VACATION TIME, WITHOUT BORDERS, GETS A TRY AT CHICAGO COMPANIES
by Alexia Elejalde-Ruiz / March 18, 2016
The way it was before, Erin Gallagher had 24 days of paid time off — generous by many standards, but they came with a measure of anxiety.
Gallagher, director of marketing at Chicago-based public relations firm Golin, said she would second-guess whether to stay home sick so as not to chip away at her allotment.
But that was before. Come April 4, Golin will join the small but growing club of employers banishing vacation time limits, a practice gaining steam as a way to attract and retain talent, prevent burnout — and, less overtly, save companies the financial liability of having to pay employees for vacation time accrued when they leave.

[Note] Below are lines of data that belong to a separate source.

lemma is_puiseux_coeff_eq_0_below_val:
  assumes "is_puiseux c" and "ereal (real_of_rat q) < pz_val c"
  shows "c q = 0"
proof (rule ccontr)
  assume cq: "c q \<noteq> 0"
  obtain d :: nat and N :: int where d: "d > 0"
    and N: "\<And>q. c q \<noteq> 0 \<Longrightarrow> \<exists>k. k \<ge> N \<and> q = of_int k / of_nat d"
    using assms(1) unfolding is_puiseux_def by blast
  define P where "P m \<longleftrightarrow> c (of_int (N + int m) / of_nat d) \<noteq> 0" for m
  define m where "m = of_int (N + int (LEAST m. P m)) / (of_nat d :: rat)"
  have P_index: "P (nat (k - N))" if "c q' \<noteq> 0" "k \<ge> N" "q' = of_int k / of_nat d" for q' k
    using that by (simp add: P_def)
  obtain k0 where "k0 \<ge> N" "q = of_int k0 / of_nat d" using N cq by blast
  then have "P (LEAST m. P m)" using P_index cq by (blast intro: LeastI)
  then have cm: "c m \<noteq> 0" by (simp add: P_def m_def)
  have m_le: "m \<le> q'" if "c q' \<noteq> 0" for q'
  proof -
    obtain k where k: "k \<ge> N" "q' = of_int k / of_nat d" using N \<open>c q' \<noteq> 0\<close> by blast
    then have "(LEAST m. P m) \<le> nat (k - N)" using P_index \<open>c q' \<noteq> 0\<close> by (blast intro: Least_le)
    then have "N + int (LEAST m. P m) \<le> k" using k by linarith
    then show ?thesis using k d by (simp add: m_def divide_right_mono)
  qed
  then have "(LEAST q. c q \<noteq> 0) = m" using cm by (blast intro: Least_equality)
  then have "pz_val c = ereal (real_of_rat m)" using cq by (auto simp: pz_val_def)
  then show False using assms(2) m_le[OF cq] by (simp add: of_rat_less)
qed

Some experiments with unlimited vacation time have gone very wrong, creating suspicion or confusion that resulted in employees taking fewer days off than they had under a more structured system. But companies that have learned from those flameouts say they are focused on creating cultures that encourage workers to get away.
Employees who take long vacations of at least 13 consecutive days are more likely to be satisfied and want to stay in their jobs than those who take shorter breaks, according to a study from the nonprofit Families and Work Institute. They also report lower frequency of minor health problems, signs of depression and sleep problems.

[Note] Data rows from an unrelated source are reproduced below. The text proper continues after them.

lemma post_is_eq: "is_eq p \<mu>' b' s'"
  unfolding is_eq_def
proof (intro conjI ballI allI impI)
  fix \<theta> i \<sigma>
  assume "\<theta> \<in> suppP \<mu>'" "i \<in> players" "is_mixed \<sigma>"
  then show "Ub p \<theta> i \<sigma> b' s' \<le> Ub p \<theta> i (b' i \<theta>) b' s'"
    by (rule observing_best_reply)
next
  fix i t \<sigma>
  assume "i \<in> players" "t \<in> supp (\<mu>' i)" "is_mixed \<sigma>"
  then show "Us p \<mu>' i t \<sigma> b' s' \<le> Us p \<mu>' i t (s' i t) b' s'"
    using blind_best_reply by simp
qed (simp_all add: handshake_play_def)

lemma nearby_post:
  assumes b_D: "\<And>\<theta> i. \<theta> \<in> suppP \<mu> \<Longrightarrow> i \<in> players \<Longrightarrow> b i \<theta> = pure D"
    and s_D: "\<And>i t. i \<in> players \<Longrightarrow> t \<in> supp (\<mu> i) \<Longrightarrow> s i t = pure D"
  shows "nearby p \<mu>' \<mu> b s 0 b' s'"
  unfolding nearby_def
proof (intro conjI ballI post_is_eq)
  fix \<theta> i
  assume \<theta>: "\<theta> \<in> suppP \<mu>" and i: "i \<in> players"
  have "\<theta> \<noteq> (mutant, mutant)"
    using \<theta> fresh[of 1] by (auto simp: suppP_def players_def)
  then have "b' i \<theta> = b i \<theta>" "s' i (comp \<theta> i) = s i (comp \<theta> i)"
    using b_D[OF \<theta> i] s_D[OF i comp_mem_supp[OF \<theta> i]] by (simp_all add: handshake_play_def)
  then show "mdist (b' i \<theta>) (b i \<theta>) \<le> 0" "mdist (s' i (comp \<theta> i)) (s i (comp \<theta> i)) \<le> 0"
    by (simp_all add: mdist_def acts_def)
qed

lemma payoff_post:
  assumes "i \<in> players"
  shows "(\<Sum>T\<in>Pow players. wt p T * ext (pd i) (played b' s' \<theta> T)) = (if \<theta> = (mutant, mutant) then 1 + p else 1)"
  using players_cases[OF assms]
  unfolding sum_Pow_players wt_simps
  by (auto simp: played_def handshake_play_def ext_pair pd_def power2_eq_square algebra_simps)

lemma fitness_incumbent:
  assumes i: "i \<in> players" and t: "t \<in> supp (\<mu> i)"
  shows "fitness pd p \<mu>' b' s' i t = 1"
proof -
  have "t \<noteq> mutant"
    using t fresh[OF i] by blast
  then have "fitness pd p \<mu>' b' s' i t = (\<Sum>u\<in>supp (\<mu>' (other i)). \<mu>' (other i) u * 1)"
    unfolding fitness_def payoff_post[OF i] by (simp add: pr_eq_diag)
  also have "\<dots> = 1"
    by (rule expect_post_const[OF other_in_players[OF i]])
  finally show ?thesis .
qed

lemma fitness_mutant:
  assumes i: "i \<in> players"
  shows "fitness pd p \<mu>' b' s' i mutant = 1 + e * p"
proof -
  have o: "other i \<in> players"
    using other_in_players[OF i] .
  have "(\<Sum>u\<in>supp (\<mu> (other i)). \<mu> (other i) u * (if pr i mutant u = (mutant, mutant) then 1 + p else 1))
      = (\<Sum>u\<in>supp (\<mu> (other i)). \<mu> (other i) u * 1)"
    using fresh[OF o] by (intro sum.cong) (auto simp: pr_eq_diag)
  also have "\<dots> = 1"
    by (rule fdist_expect_const[OF fdist[OF o]])
  finally show ?thesis
    unfolding fitness_def payoff_post[OF i] expect_post[OF o] by (simp add: pr_def algebra_simps)
qed

lemma not_entry_contained: "\<not> entry_contained pd p \<mu> players (\<lambda>_. mutant) \<mu>' b' s'"
proof -
  have one: "(1::nat) \<in> players"
    by (simp add: players_def)
  have gain: "fitness pd p \<mu>' b' s' i t < fitness pd p \<mu>' b' s' i mutant"
    if "i \<in> players" "t \<in> supp (\<mu> i)" for i t
    using fitness_incumbent[OF that] fitness_mutant[OF that(1)] e(1) p by simp
  obtain t where t: "t \<in> supp (\<mu> 1)"
    using fdist_supp_nonempty[OF fdist[OF one]] by blast
  have "t \<in> supp (\<mu>' 1)" "mutant \<in> supp (\<mu>' 1)"
    using supp_post[OF one] t by auto
  then show ?thesis
    unfolding entry_contained_def
  proof (intro notI, elim disjE)
    assume "\<exists>j\<in>players. \<forall>t\<in>supp (\<mu> j). fitness pd p \<mu>' b' s' j t > fitness pd p \<mu>' b' s' j mutant"
    then obtain j where j: "j \<in> players" and worse: "\<forall>t\<in>supp (\<mu> j). fitness pd p \<mu>' b' s' j t > fitness pd p \<mu>' b' s' j mutant"
      by blast
    obtain t where "t \<in> supp (\<mu> j)"
      using fdist_supp_nonempty[OF fdist[OF j]] by blast
    with worse gain[OF j] show False
      by fastforce
  next
    assume "\<forall>i\<in>players. \<forall>t\<in>supp (\<mu>' i). \<forall>t'\<in>supp (\<mu>' i). fitness pd p \<mu>' b' s' i t = fitness pd p \<mu>' b' s' i t'"
    with one \<open>t \<in> supp (\<mu>' 1)\<close> \<open>mutant \<in> supp (\<mu>' 1)\<close>
    have "fitness pd p \<mu>' b' s' 1 t = fitness pd p \<mu>' b' s' 1 mutant"
      by blast
    with gain[OF one t] show False
      by simp
  qed
qed

end

theorem mainTheorem19:
  fixes p :: real
  assumes "0 < p" and "p < 1"
  shows "\<not> stable_profile pd p (D, D)"
proof
  assume "stable_profile pd p (D, D)"
  then obtain \<mu> b s where fd: "fdist (\<mu> 1)" "fdist (\<mu> 2)" and eq: "is_eq p \<mu> b s"
    and st: "stable pd p \<mu> b s" and out: "\<forall>a. outcome p \<mu> b s a = (if a = (D, D) then 1 else 0)"
    unfolding stable_profile_def by blast
  have fdist: "fdist (\<mu> i)" if "i \<in> players" for i
    using fd that by (auto simp: players_def)
  note all_D = point_mass_DD_imp_all_D[OF assms fd eq out]
  have D_best_reply: "t (pr i C D) \<le> t (pr i D D)" if "i \<in> players" "t \<in> supp (\<mu> i)" for i t
    using all_D_imp_D_best_reply[OF eq all_D that] fdist_supp_nonempty[OF fdist[OF other_in_players[OF that(1)]]]
    by blast
  have "finite (supp (\<mu> 1) \<union> supp (\<mu> 2))"
    using fd by (simp add: fdist_def)
  then obtain K where K: "(1 - p) / p \<le> K" and fresh: "handshake K \<notin> supp (\<mu> 1) \<union> supp (\<mu> 2)"
    by (rule ex_fresh_handshake)
  have fresh: "handshake K \<notin> supp (\<mu> i)" if "i \<in> players" for i
    using fresh that by (auto simp: players_def)
  obtain \<epsilon> where \<epsilon>: "0 < \<epsilon>" "\<epsilon> \<le> 1" and contained: "\<And>e b' s'. 0 < e \<Longrightarrow> e < \<epsilon>
      \<Longrightarrow> nearby p (postentry \<mu> players (\<lambda>_. handshake K) (\<lambda>_. e)) \<mu> b s 0 b' s'
      \<Longrightarrow> entry_contained pd p \<mu> players (\<lambda>_. handshake K) (postentry \<mu> players (\<lambda>_. handshake K) (\<lambda>_. e)) b' s'"
    using stable_imp_entry_contained[OF st fresh] by blast
  have pK: "1 - p \<le> p * K"
    using K assms by (simp add: field_simps)
  obtain e where e_small: "0 < e" "e < \<epsilon>" "e < 1 / (p * K + p)"
    using field_lbound_gt_zero[OF \<epsilon>(1), of "1 / (p * K + p)"] pK by auto
  interpret handshake_invasion p \<mu> K e
    using assms fdist fresh D_best_reply pK e_small \<epsilon>(2) by unfold_locales (auto simp: field_simps)
  show False
    using contained[OF e_small(1,2) nearby_post[OF all_D]] not_entry_contained by blast
qed

end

Whether unlimited vacation policies actually encourage more rest time depends on the messaging from the top, said Ellen Galinsky, president of the Families and Work Institute. If senior leaders genuinely assert that they expect long vacations and take them themselves, people will likely abide, she said.
But a new study from the nonprofit, to be published in April, found that 40 percent of people feel they put their jobs in jeopardy if they use the flexibility that their companies offer, Galinsky said.
“Flexibility is not really flexibility unless there’s not jeopardy,” she said.